Take the data below and extract the lines from the one with "mat \<Rightarrow> complex vec" to the one with "(2 * dim_vec", inclusive, exactly as written.

═════ MATERIAL PROVIDED

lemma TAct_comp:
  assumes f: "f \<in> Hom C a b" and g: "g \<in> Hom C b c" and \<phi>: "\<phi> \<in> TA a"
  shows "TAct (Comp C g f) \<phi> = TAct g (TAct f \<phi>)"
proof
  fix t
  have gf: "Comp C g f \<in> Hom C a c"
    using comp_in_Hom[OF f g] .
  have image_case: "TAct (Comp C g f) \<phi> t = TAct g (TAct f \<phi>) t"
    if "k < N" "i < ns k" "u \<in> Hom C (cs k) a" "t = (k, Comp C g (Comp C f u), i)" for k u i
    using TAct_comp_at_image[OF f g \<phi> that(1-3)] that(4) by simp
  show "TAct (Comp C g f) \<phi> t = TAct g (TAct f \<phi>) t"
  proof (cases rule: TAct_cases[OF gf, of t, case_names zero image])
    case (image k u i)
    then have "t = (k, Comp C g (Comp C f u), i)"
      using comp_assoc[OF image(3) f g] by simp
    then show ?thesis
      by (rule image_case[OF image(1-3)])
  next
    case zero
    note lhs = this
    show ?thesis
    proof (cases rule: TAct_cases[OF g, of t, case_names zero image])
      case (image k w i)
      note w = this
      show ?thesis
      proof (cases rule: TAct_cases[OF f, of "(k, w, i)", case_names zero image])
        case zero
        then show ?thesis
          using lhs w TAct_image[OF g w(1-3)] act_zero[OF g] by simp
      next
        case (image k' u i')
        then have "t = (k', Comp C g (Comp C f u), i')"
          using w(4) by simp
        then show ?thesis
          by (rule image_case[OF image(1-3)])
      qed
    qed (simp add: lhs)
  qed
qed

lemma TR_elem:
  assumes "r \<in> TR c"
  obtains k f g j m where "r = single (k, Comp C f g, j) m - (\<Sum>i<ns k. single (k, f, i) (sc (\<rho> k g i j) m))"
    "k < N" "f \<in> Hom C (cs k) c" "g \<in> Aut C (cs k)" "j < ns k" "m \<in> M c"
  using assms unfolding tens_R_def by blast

══════════
═════ MATERIAL PROVIDED

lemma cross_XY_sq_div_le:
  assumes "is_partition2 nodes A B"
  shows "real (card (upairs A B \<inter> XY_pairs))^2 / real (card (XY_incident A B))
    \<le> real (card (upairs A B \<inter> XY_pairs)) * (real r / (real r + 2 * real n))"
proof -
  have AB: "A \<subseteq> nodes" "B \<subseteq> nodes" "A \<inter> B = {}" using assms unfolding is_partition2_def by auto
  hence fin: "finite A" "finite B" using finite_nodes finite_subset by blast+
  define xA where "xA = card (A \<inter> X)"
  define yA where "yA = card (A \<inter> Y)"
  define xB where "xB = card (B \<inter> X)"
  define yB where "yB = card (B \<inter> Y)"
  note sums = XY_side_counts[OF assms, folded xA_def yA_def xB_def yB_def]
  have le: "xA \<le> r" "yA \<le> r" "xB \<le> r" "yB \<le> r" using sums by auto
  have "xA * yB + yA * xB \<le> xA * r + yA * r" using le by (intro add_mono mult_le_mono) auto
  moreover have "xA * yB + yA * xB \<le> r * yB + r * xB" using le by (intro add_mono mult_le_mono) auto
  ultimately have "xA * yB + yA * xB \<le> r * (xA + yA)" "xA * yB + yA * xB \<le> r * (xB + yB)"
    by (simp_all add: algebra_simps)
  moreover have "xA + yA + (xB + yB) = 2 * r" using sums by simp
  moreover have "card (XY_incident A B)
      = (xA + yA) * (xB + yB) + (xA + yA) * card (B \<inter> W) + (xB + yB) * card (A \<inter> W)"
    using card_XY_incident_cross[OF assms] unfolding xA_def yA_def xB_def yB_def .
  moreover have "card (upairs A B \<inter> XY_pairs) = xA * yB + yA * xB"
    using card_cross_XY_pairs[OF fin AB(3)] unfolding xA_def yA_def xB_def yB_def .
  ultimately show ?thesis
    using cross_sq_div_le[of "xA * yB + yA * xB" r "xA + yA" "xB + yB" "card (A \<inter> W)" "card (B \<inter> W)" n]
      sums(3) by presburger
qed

══════════
═════ MATERIAL PROVIDED

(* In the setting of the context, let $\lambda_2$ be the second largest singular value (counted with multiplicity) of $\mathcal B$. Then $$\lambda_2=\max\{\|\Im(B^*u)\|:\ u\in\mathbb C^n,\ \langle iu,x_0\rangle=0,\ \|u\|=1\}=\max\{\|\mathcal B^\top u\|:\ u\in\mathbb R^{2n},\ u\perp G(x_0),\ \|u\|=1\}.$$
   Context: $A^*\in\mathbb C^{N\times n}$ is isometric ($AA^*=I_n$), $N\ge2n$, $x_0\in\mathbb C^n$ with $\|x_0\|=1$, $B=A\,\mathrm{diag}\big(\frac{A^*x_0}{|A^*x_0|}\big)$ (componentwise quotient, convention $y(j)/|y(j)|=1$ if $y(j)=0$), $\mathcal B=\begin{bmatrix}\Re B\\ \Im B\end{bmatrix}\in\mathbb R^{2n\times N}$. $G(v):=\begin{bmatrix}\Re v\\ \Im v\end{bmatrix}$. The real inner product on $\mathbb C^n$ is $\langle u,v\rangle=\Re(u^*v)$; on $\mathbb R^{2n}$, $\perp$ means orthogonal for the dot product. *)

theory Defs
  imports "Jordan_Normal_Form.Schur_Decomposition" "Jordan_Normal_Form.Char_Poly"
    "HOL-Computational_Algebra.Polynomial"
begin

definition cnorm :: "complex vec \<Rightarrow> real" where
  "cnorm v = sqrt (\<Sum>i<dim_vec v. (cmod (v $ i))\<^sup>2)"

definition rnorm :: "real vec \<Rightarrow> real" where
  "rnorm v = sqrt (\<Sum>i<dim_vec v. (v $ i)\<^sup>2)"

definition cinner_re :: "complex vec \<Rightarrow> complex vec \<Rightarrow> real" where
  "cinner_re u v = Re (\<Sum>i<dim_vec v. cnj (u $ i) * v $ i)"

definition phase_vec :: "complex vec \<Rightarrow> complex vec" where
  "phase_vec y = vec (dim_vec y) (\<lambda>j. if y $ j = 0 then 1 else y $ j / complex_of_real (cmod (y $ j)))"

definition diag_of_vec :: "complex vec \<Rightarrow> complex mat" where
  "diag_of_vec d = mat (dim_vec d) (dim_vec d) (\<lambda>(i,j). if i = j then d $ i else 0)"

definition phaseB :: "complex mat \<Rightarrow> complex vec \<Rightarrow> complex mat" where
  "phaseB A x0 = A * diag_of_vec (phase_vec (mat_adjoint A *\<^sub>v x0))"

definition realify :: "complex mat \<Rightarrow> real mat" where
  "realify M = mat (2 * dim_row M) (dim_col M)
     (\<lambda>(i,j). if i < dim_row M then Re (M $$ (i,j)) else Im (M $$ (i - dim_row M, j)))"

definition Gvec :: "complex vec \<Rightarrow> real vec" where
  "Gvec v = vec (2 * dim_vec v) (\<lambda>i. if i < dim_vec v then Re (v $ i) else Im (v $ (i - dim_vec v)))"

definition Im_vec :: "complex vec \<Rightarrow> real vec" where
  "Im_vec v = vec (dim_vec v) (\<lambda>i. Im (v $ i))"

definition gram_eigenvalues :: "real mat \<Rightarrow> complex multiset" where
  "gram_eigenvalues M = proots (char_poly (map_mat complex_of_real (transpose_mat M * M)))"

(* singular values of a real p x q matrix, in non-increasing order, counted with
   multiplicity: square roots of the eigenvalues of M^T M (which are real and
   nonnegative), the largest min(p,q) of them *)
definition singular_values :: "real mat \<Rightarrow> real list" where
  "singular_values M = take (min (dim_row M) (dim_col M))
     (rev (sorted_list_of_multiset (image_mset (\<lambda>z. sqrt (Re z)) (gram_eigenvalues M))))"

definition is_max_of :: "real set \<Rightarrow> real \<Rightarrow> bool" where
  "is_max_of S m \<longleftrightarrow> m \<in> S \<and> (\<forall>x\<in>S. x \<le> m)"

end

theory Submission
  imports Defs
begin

══════════

*COMPLETED TASK*
definition phaseB :: "complex mat \<Rightarrow> complex vec \<Rightarrow> complex mat" where
  "phaseB A x0 = A * diag_of_vec (phase_vec (mat_adjoint A *\<^sub>v x0))"

definition realify :: "complex mat \<Rightarrow> real mat" where
  "realify M = mat (2 * dim_row M) (dim_col M)
     (\<lambda>(i,j). if i < dim_row M then Re (M $$ (i,j)) else Im (M $$ (i - dim_row M, j)))"

definition Gvec :: "complex vec \<Rightarrow> real vec" where
  "Gvec v = vec (2 * dim_vec v) (\<lambda>i. if i < dim_vec v then Re (v $ i) else Im (v $ (i - dim_vec v)))"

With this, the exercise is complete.